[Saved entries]

################

lemma GDERIV_integral_uniform_remainder:
  fixes K :: "'a::euclidean_space \<Rightarrow> 'b \<Rightarrow> real" and G :: "'b \<Rightarrow> 'a"
  assumes "AE z in M. z \<in> S" "integrable M \<phi>" "r > 0"
    and intK: "\<And>y. norm (y - x) < r \<Longrightarrow> integrable M (\<lambda>z. K y z * \<phi> z)"
    and intG: "integrable M (\<lambda>z. \<phi> z *\<^sub>R G z)"
    and measK: "\<And>y. K y \<in> borel_measurable M" and measG: "G \<in> borel_measurable M"
    and remainder: "\<And>e. e > 0 \<Longrightarrow> \<exists>d>0. \<forall>y z. norm (y - x) < d \<longrightarrow> z \<in> S \<longrightarrow>
                      \<bar>K y z - K x z - (y - x) \<bullet> G z\<bar> \<le> e * norm (y - x)"
  shows "GDERIV (\<lambda>y. \<integral>z. K y z * \<phi> z \<partial>M) x :> (\<integral>z. \<phi> z *\<^sub>R G z \<partial>M)"
proof -
  define F where "F = (\<lambda>y. \<integral>z. K y z * \<phi> z \<partial>M)"
  define W where "W = (\<integral>z. \<phi> z *\<^sub>R G z \<partial>M)"
  define N where "N = (\<integral>z. \<bar>\<phi> z\<bar> \<partial>M)"
  have "N \<ge> 0" by (simp add: N_def)
  have "(F has_derivative (\<lambda>h. h \<bullet> W)) (at x)"
    unfolding has_derivative_at_alt
  proof (intro conjI allI impI bounded_linear_inner_left)
    fix e :: real assume "e > 0"
    define \<epsilon> where "\<epsilon> = e / (N + 1)"
    have "\<epsilon> > 0" "\<epsilon> * N \<le> e"
      using \<open>e > 0\<close> \<open>N \<ge> 0\<close> by (auto simp: \<epsilon>_def field_simps)
    then obtain d where "d > 0" and rem:
      "\<And>y z. norm (y - x) < d \<Longrightarrow> z \<in> S \<Longrightarrow> \<bar>K y z - K x z - (y - x) \<bullet> G z\<bar> \<le> \<epsilon> * norm (y - x)"
      using remainder by blast
    show "\<exists>d>0. \<forall>y. norm (y - x) < d \<longrightarrow> norm (F y - F x - (y - x) \<bullet> W) \<le> e * norm (y - x)"
    proof (intro exI[of _ "min d r"] conjI allI impI)
      show "min d r > 0" using \<open>d > 0\<close> assms(3) by simp
      fix y assume y: "norm (y - x) < min d r"
      have "integrable M (\<lambda>z. (y - x) \<bullet> (\<phi> z *\<^sub>R G z))"
        using intG by (rule integrable_inner_right)
      then have "F y - F x - (y - x) \<bullet> W = (\<integral>z. (K y z - K x z - (y - x) \<bullet> G z) * \<phi> z \<partial>M)"
        using intK[of y] intK[of x] y assms(3) intG
        by (simp add: F_def W_def left_diff_distrib right_diff_distrib Bochner_Integration.integral_diff
            integral_inner_right[symmetric] mult.commute[of _ "\<phi> _"])
      moreover have "(\<lambda>z. K y z - K x z - (y - x) \<bullet> G z) \<in> borel_measurable M"
        using measK[of y] measK[of x] measG by measurable
      ultimately have "norm (F y - F x - (y - x) \<bullet> W) \<le> \<epsilon> * norm (y - x) * N"
        unfolding N_def real_norm_def using rem y
        by (simp add: abs_integral_mult_le[OF assms(2) _ assms(1)])
      also have "\<dots> \<le> e * norm (y - x)"
        using \<open>\<epsilon> * N \<le> e\<close> by (simp add: mult.commute[of _ N] mult.assoc[symmetric] mult_right_mono)
      finally show "norm (F y - F x - (y - x) \<bullet> W) \<le> e * norm (y - x)" .
    qed
  qed
  then show ?thesis by (simp add: gderiv_def F_def W_def)
qed

lemma GDERIV_integral:
  fixes K :: "'a::euclidean_space \<Rightarrow> 'b::metric_space \<Rightarrow> real" and G :: "'a \<Rightarrow> 'b \<Rightarrow> 'a"
  assumes "compact S" "r > 0" "AE z in M. z \<in> S" "integrable M \<phi>"
    and deriv: "\<And>y z. y \<in> cball x r \<Longrightarrow> z \<in> S \<Longrightarrow> GDERIV (\<lambda>y. K y z) y :> G y z"
    and contG: "continuous_on (cball x r \<times> S) (\<lambda>(y, z). G y z)"
    and contK: "\<And>y. y \<in> cball x r \<Longrightarrow> continuous_on S (K y)"
    and measK: "\<And>y. K y \<in> borel_measurable M" and measG: "G x \<in> borel_measurable M"
  shows "GDERIV (\<lambda>y. \<integral>z. K y z * \<phi> z \<partial>M) x :> (\<integral>z. \<phi> z *\<^sub>R G x z \<partial>M)"
proof (rule GDERIV_integral_uniform_remainder[OF assms(3,4,2) _ _ measK measG])
  show "integrable M (\<lambda>z. K y z * \<phi> z)" if "norm (y - x) < r" for y
    using integrable_scaleR_continuous_on[OF assms(4) measK assms(1) contK assms(3)] that
    by (simp add: dist_norm norm_minus_commute mult.commute)
  have "Pair x ` S \<subseteq> cball x r \<times> S" using assms(2) by auto
  then have "continuous_on S (G x)"
    using continuous_on_compose2[OF contG continuous_on_Pair[OF continuous_on_const continuous_on_id]]
    by auto
  then show "integrable M (\<lambda>z. \<phi> z *\<^sub>R G x z)"
    using integrable_scaleR_continuous_on[OF assms(4) measG assms(1) _ assms(3)] by blast
qed (rule uniform_gradient_remainder[OF assms(1,2) _ deriv contG])

lemma GDERIV_norm_diff_powr:
  fixes x z :: "'a::real_inner"
  assumes "x \<noteq> z"
  shows "GDERIV (\<lambda>x. norm (x - z) powr a) x :> (a * norm (x - z) powr (a - 1)) *\<^sub>R sgn (x - z)"
proof -
  have "GDERIV (\<lambda>x. norm (x - z)) x :> sgn (x - z)"
    unfolding gderiv_def
    using has_derivative_compose[OF has_derivative_diff[OF has_derivative_ident has_derivative_const]
        has_derivative_norm[of "x - z"]] assms
    by simp
  moreover have "DERIV (\<lambda>t. t powr a) (norm (x - z)) :> a * norm (x - z) powr (a - 1)"
    using assms by (intro has_real_derivative_powr) auto
  ultimately show ?thesis by (rule GDERIV_DERIV_compose)
qed

lemma GDERIV_one_minus_sqnorm_powr:
  fixes x :: "'a::real_inner"
  assumes "norm x < 1"
  shows "GDERIV (\<lambda>x. (1 - (norm x)\<^sup>2) powr a) x :> (a * (1 - (norm x)\<^sup>2) powr (a - 1)) *\<^sub>R (- (2 *\<^sub>R x))"
proof -
  have "GDERIV (\<lambda>x. 1 - (norm x)\<^sup>2) x :> - (2 *\<^sub>R x)"
    unfolding gderiv_def
    by (rule has_derivative_eq_rhs[OF has_derivative_diff[OF has_derivative_const has_derivative_sqnorm_at]])
       (auto simp: inner_commute)
  moreover have "DERIV (\<lambda>t. t powr a) (1 - (norm x)\<^sup>2) :> a * (1 - (norm x)\<^sup>2) powr (a - 1)"
    using assms by (intro has_real_derivative_powr) (auto simp: abs_square_less_1)
  ultimately show ?thesis by (rule GDERIV_DERIV_compose)
qed

definition P_kernel_grad :: "real \<Rightarrow> real^'n \<Rightarrow> real^'n \<Rightarrow> real^'n" where
  "P_kernel_grad \<alpha> x \<zeta> =
     (C_const CARD('n) \<alpha> * (1 - (norm x)\<^sup>2) powr (- \<alpha>) / norm (x - \<zeta>) powr (real CARD('n) + 2 - \<alpha>))
     *\<^sub>R (((\<alpha> - real CARD('n)) * (1 - (norm x)\<^sup>2)) *\<^sub>R (x - \<zeta>)
            - (2 * (1 - \<alpha>) * (norm (x - \<zeta>))\<^sup>2) *\<^sub>R x)"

################

◆ Task to complete ◆
Copy the stretch of the records above that runs from the line with "fix y assume" through the line with "using intK[of y]". Both end lines belong in the copy, and nothing else does.

◆ Solution to the exercise ◆
      fix y assume y: "norm (y - x) < min d r"
      have "integrable M (\<lambda>z. (y - x) \<bullet> (\<phi> z *\<^sub>R G z))"
        using intG by (rule integrable_inner_right)
      then have "F y - F x - (y - x) \<bullet> W = (\<integral>z. (K y z - K x z - (y - x) \<bullet> G z) * \<phi> z \<partial>M)"
        using intK[of y] intK[of x] y assms(3) intG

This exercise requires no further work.